MOP-12763 under which the shipment was insured was no longer in force at the time it was loaded on board the
Hannover Express on June 10, 1994, as provided in the Endorsement portion of the policy, which states: "IT IS HEREBY
DECLARED AND AGREED that effective June 10, 1994, this policy is deemed CANCELLED." FGU, on the other hand,
insists that it was under Marine Risk Note No. 9798, which was executed on May 26, 1994, that said shipment was
covered. It must be emphasized that a marine risk note is not an insurance policy. It is only an acknowledgment or
declaration of the insurer confirming the specific shipment covered by its marine open policy, the evaluation of the cargo
and the chargeable premium. It is the marine open policy which is the main insurance contract. In other words, the marine
open policy is the blanket insurance to be undertaken by FGU on all goods to be shipped by RAGC during the existence
of the contract, while the marine risk note specifies the particular goods/shipment insured by FGU on that specific
transaction, including the sum insured, the shipment particulars as well as the premium paid for such shipment. In any
event, as it stands, it is evident that even prior to the cancellation by FGU of Marine Open Policy No. MOP-12763 on June
10, 1994, it had already undertaken to insure the shipment of the 400 kgs. of silver nitrate, specially since RAGC had
already paid the premium on the insurance of said shipment. The marine insurance policy needs to be presented in
evidence before the trial court or even belatedly before the appellate court. The presentation of the marine insurance
policy is necessary, since the issues raised therein arose from the very existence of an insurance contract, even prior to
the loss of the shipment. The insurance contract must be presented in evidence in order to determine the extent of the
coverage.
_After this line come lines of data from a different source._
(* Let $\mathcal{X},\mathcal{Y}$ be Hilbert spaces, $F:\mathcal{D}(F)\subset\mathcal{X}\to\mathcal{Y}$ an operator and $y\in\mathcal{Y}$. Assume: (a) $\Theta:\mathcal{X}\to(-\infty,\infty]$ is proper, weakly lower semi-continuous and $p$-convex for some $p>1$, i.e. there is $c_0>0$ with $D_\xi\Theta(\bar x,x)\ge c_0\|x-\bar x\|^p$ for all $\bar x\in\mathcal{D}(\Theta)$, $x\in\mathcal{D}(\partial\Theta)$, $\xi\in\partial\Theta(x)$; (b) there are $\rho>0$, $x_0\in\mathcal{X}$, $\xi_0\in\partial\Theta(x_0)$ with $B_{2\rho}(x_0)\subset\mathcal{D}(F)$, and $F(x)=y$ has a solution $x^*\in\mathcal{D}(\Theta)$ with $D_{\xi_0}\Theta(x^*,x_0)\le c_0\rho^p$; (c) $F$ is continuous and weakly closed on $\mathcal{D}(F)$; (d) there is a family of bounded linear operators $\{L(x):\mathcal{X}\to\mathcal{Y}\}_{x\in B_{2\rho}(x_0)\cap\mathcal{D}(\Theta)}$, with $x\mapsto L(x)$ continuous on $B_{2\rho}(x_0)\cap\mathcal{D}(\Theta)$, a number $0\le\eta<1$ with $\|F(x)-F(\bar x)-L(\bar x)(x-\bar x)\|<\eta\|F(x)-F(\bar x)\|$ for all $x,\bar x\in B_{2\rho}(x_0)\cap\mathcal{D}(\Theta)$, and $C_0>0$ with $\|L(x)\|\le C_0$ for all $x\in B_{2\rho}(x_0)$. Let $(\xi(t),x(t))$, $t\ge0$, be the solution of the noise-free problem $$\frac{d\xi(t)}{dt}=-L(x(t))^*(F(x(t))-y),\quad x(t)=\nabla\Theta^*(\xi(t)),\qquad \xi(0)=\xi_0,\ x(0)=x_0.$$ Then there exists a solution $\bar x\in B_{2\rho}(x_0)\cap\mathcal{D}(\Theta)$ of $F(x)=y$ such that $\lim_{T\to\infty}\|x(T)-\bar x\|=0$.
   Context: $\partial\Theta$ is the subdifferential, $\mathcal{D}(\Theta)=\{x:\Theta(x)<\infty\}$, $\mathcal{D}(\partial\Theta)=\{x\in\mathcal{D}(\Theta):\partial\Theta(x)\ne\emptyset\}$, and $D_\xi\Theta(\bar x,x)=\Theta(\bar x)-\Theta(x)-\langle\xi,\bar x-x\rangle$ for $\xi\in\partial\Theta(x)$ is the Bregman distance. $\Theta^*$ is the Legendre–Fenchel conjugate of $\Theta$, $L(x)^*$ the adjoint, and $B_{2\rho}(x_0)$ the closed ball of radius $2\rho$ about $x_0$. *)

theory Defs
  imports "HOL-Analysis.Analysis" "HOL-Library.Extended_Real"
begin

definition weak_conv :: "(nat \<Rightarrow> 'a::real_inner) \<Rightarrow> 'a \<Rightarrow> bool" where
  "weak_conv xs x \<longleftrightarrow> (\<forall>v. (\<lambda>n. inner (xs n) v) \<longlonglongrightarrow> inner x v)"

definition edom :: "('a \<Rightarrow> ereal) \<Rightarrow> 'a set" where
  "edom \<Theta> = {x. \<Theta> x < \<infinity>}"

definition proper_fun :: "('a \<Rightarrow> ereal) \<Rightarrow> bool" where
  "proper_fun \<Theta> \<longleftrightarrow> (\<forall>x. \<Theta> x \<noteq> -\<infinity>) \<and> (\<exists>x. \<Theta> x < \<infinity>)"

definition weakly_lsc :: "('a::real_inner \<Rightarrow> ereal) \<Rightarrow> bool" where
  "weakly_lsc \<Theta> \<longleftrightarrow>
     (\<forall>xs x. weak_conv xs x \<longrightarrow> \<Theta> x \<le> liminf (\<lambda>n. \<Theta> (xs n)))"

definition subdiff :: "('a::real_inner \<Rightarrow> ereal) \<Rightarrow> 'a \<Rightarrow> 'a set" where
  "subdiff \<Theta> x = {\<xi>. \<Theta> x < \<infinity> \<and>
      (\<forall>z. \<Theta> x + ereal (inner \<xi> (z - x)) \<le> \<Theta> z)}"

definition dom_subdiff :: "('a::real_inner \<Rightarrow> ereal) \<Rightarrow> 'a set" where
  "dom_subdiff \<Theta> = {x \<in> edom \<Theta>. subdiff \<Theta> x \<noteq> {}}"

text \<open>Bregman distance D_xi Theta(xb, x); used only when both values are finite.\<close>
definition bregman :: "('a::real_inner \<Rightarrow> ereal) \<Rightarrow> 'a \<Rightarrow> 'a \<Rightarrow> 'a \<Rightarrow> real" where
  "bregman \<Theta> \<xi> xb x = real_of_ereal (\<Theta> xb) - real_of_ereal (\<Theta> x) - inner \<xi> (xb - x)"

definition fconj :: "('a::real_inner \<Rightarrow> ereal) \<Rightarrow> 'a \<Rightarrow> ereal" where
  "fconj \<Theta> \<xi> = (SUP z. ereal (inner \<xi> z) - \<Theta> z)"

definition p_convex :: "('a::real_inner \<Rightarrow> ereal) \<Rightarrow> real \<Rightarrow> real \<Rightarrow> bool" where
  "p_convex \<Theta> p c0 \<longleftrightarrow>
     (\<forall>xb\<in>edom \<Theta>. \<forall>x\<in>dom_subdiff \<Theta>. \<forall>\<xi>\<in>subdiff \<Theta> x.
        bregman \<Theta> \<xi> xb x \<ge> c0 * norm (x - xb) powr p)"

definition weakly_closed_op :: "'a::real_inner set \<Rightarrow> ('a \<Rightarrow> 'b::real_inner) \<Rightarrow> bool" where
  "weakly_closed_op D F \<longleftrightarrow>
     (\<forall>xs x v. (\<forall>n. xs n \<in> D) \<and> weak_conv xs x \<and> weak_conv (\<lambda>n. F (xs n)) v
         \<longrightarrow> x \<in> D \<and> F x = v)"

end

theory Submission
  imports Defs
begin

(* The Bregman distance D(t) = D_xi(t) Theta(x^*, x(t)) is a Lyapunov function of the flow: the
   tangential cone condition gives D' <= -(1 - eta) |F(x) - y|^2, which also keeps x(t) in the
   ball B_2rho(x0). By p-convexity and the three-point identity for Bregman distances,
   |x(t) - x(s)|^p is bounded by a multiple of D(t) - D(s) once both times are compared with an
   intermediate time of minimal residual, so x(t) is Cauchy.
   Since D(t) + (1 - eta) ln t cannot decrease forever, there are arbitrarily late times tau with
   tau |F(x(tau)) - y|^2 <= 1; along them the residual vanishes and Theta(x(tau)) stays bounded,
   so the limit solves F x = y and lies in dom Theta. The Riesz representation is needed to give
   the adjoint in the flow equation its defining property. *)

section \<open>Riesz representation\<close>

lemma parallelogram_law:
  fixes u v :: "'a::real_inner"
  shows "(norm (u + v))\<^sup>2 + (norm (u - v))\<^sup>2 = 2 * (norm u)\<^sup>2 + 2 * (norm v)\<^sup>2"
  by (simp add: power2_norm_eq_inner inner_add_left inner_add_right inner_diff_left
      inner_diff_right inner_commute)

lemma minimizing_sequence_Cauchy:
  fixes S :: "'a::real_inner set"
  assumes S: "convex S" and zs_in: "\<And>k. zs k \<in> S"
    and d: "0 \<le> d" "\<And>z. z \<in> S \<Longrightarrow> d \<le> dist a z"
    and zs_close: "\<And>k. (dist a (zs k))\<^sup>2 < d\<^sup>2 + 1 / (real k + 1)"
  shows "Cauchy zs"
proof (rule metric_CauchyI)
  have zs_spread: "(dist (zs k) (zs j))\<^sup>2 \<le> 2 / (real k + 1) + 2 / (real j + 1)" for k j
  proof -
    have "midpoint (zs k) (zs j) \<in> S"
      using S zs_in midpoint_in_closed_segment unfolding convex_contains_segment by blast
    then have "(2 * d)\<^sup>2 \<le> (2 * dist a (midpoint (zs k) (zs j)))\<^sup>2"
      using d by (simp add: power_mono)
    also have "2 * dist a (midpoint (zs k) (zs j)) = norm ((a - zs k) + (a - zs j))"
    proof -
      have "(a - zs k) + (a - zs j) = 2 *\<^sub>R (a - midpoint (zs k) (zs j))"
        by (simp add: midpoint_def scaleR_add_right scaleR_diff_right scaleR_2)
      then show ?thesis by (simp add: dist_norm)
    qed
    finally show ?thesis
      using parallelogram_law[of "a - zs k" "a - zs j"] zs_close[of k] zs_close[of j]
      by (simp add: dist_norm norm_minus_commute power_mult_distrib)
  qed
  fix e :: real
  assume e: "e > 0"
  obtain M :: nat where M: "4 / e\<^sup>2 < real M + 1"
    using reals_Archimedean2 by (metis add.commute less_add_same_cancel2 less_trans zero_less_one)
  have "dist (zs k) (zs j) < e" if "k \<ge> M" "j \<ge> M" for k j
  proof -
    have "2 / (real k + 1) \<le> 2 / (real M + 1)" "2 / (real j + 1) \<le> 2 / (real M + 1)"
      using that by (simp_all add: frac_le)
    then have "2 / (real k + 1) + 2 / (real j + 1) \<le> 4 / (real M + 1)" by simp
    also have "\<dots> < e\<^sup>2" using M e by (simp add: field_simps)
    finally have "(dist (zs k) (zs j))\<^sup>2 < e\<^sup>2"
      using zs_spread[of k j] by linarith
    then show ?thesis by (rule power_less_imp_less_base) (use e in simp)
  qed
  then show "\<exists>M. \<forall>m\<ge>M. \<forall>n\<ge>M. dist (zs m) (zs n) < e" by blast
qed

lemma nearest_point_exists:
  fixes S :: "'a::{real_inner,complete_space} set"
  assumes S: "closed S" "convex S" "S \<noteq> {}"
  obtains w where "w \<in> S" "\<And>z. z \<in> S \<Longrightarrow> dist a w \<le> dist a z"
proof -
  define d where "d = infdist a S"
  have d: "0 \<le> d" "\<And>z. z \<in> S \<Longrightarrow> d \<le> dist a z"
    by (simp_all add: d_def infdist_nonneg infdist_le)
  have "\<exists>z\<in>S. (dist a z)\<^sup>2 < d\<^sup>2 + 1 / (real k + 1)" for k :: nat
  proof -
    define y where "y = d\<^sup>2 + 1 / (real k + 1)"
    have "d < sqrt y" by (intro real_less_rsqrt) (simp add: y_def)
    then obtain z where z: "z \<in> S" "dist a z < sqrt y"
      using cInf_lessD[of "dist a ` S"] S(3) by (auto simp: d_def infdist_notempty)
    then have "(dist a z)\<^sup>2 < (sqrt y)\<^sup>2" by (intro power_strict_mono) auto
    also have "\<dots> = y" by (simp add: y_def)
    finally show ?thesis using z(1) unfolding y_def by blast
  qed
  then obtain zs where zs_in: "\<And>k. zs k \<in> S"
    and zs_close: "\<And>k. (dist a (zs k))\<^sup>2 < d\<^sup>2 + 1 / (real k + 1)"
    by metis
  obtain w where lim: "zs \<longlonglongrightarrow> w"
    using minimizing_sequence_Cauchy[OF S(2) zs_in d zs_close] convergent_eq_Cauchy by blast
  have "(dist a w)\<^sup>2 \<le> d\<^sup>2"
  proof (rule tendsto_le[OF _ _ _ always_eventually])
    show "(\<lambda>k. d\<^sup>2 + 1 / (real k + 1)) \<longlonglongrightarrow> d\<^sup>2"
      using tendsto_add[OF tendsto_const LIMSEQ_inverse_real_of_nat]
      by (simp add: inverse_eq_divide add.commute)
    show "(\<lambda>k. (dist a (zs k))\<^sup>2) \<longlonglongrightarrow> (dist a w)\<^sup>2"
      by (intro tendsto_intros lim)
    show "\<forall>k. (dist a (zs k))\<^sup>2 \<le> d\<^sup>2 + 1 / (real k + 1)"
      using zs_close by (simp add: less_imp_le)
  qed simp
  then have "dist a w \<le> d"
    by (rule power2_le_imp_le) (simp add: d)
  then have "dist a w \<le> dist a z" if "z \<in> S" for z
    using d(2)[OF that] by linarith
  moreover have "w \<in> S" using S(1) zs_in lim by (meson closed_sequentially)
  ultimately show ?thesis using that by blast
qed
However, as in every general rule, there are admitted exceptions. In the presentation of the insurance policy is
not fatal because the loss of the cargo undoubtedly occurred while on board the petitioner's vessel, unlike in other cases
in which the cargo passed through several stages with different parties and it could not be determined when the damage
to the cargo occurred, such that the insurer should be liable for it. In this case, it is clear when the loss occurred.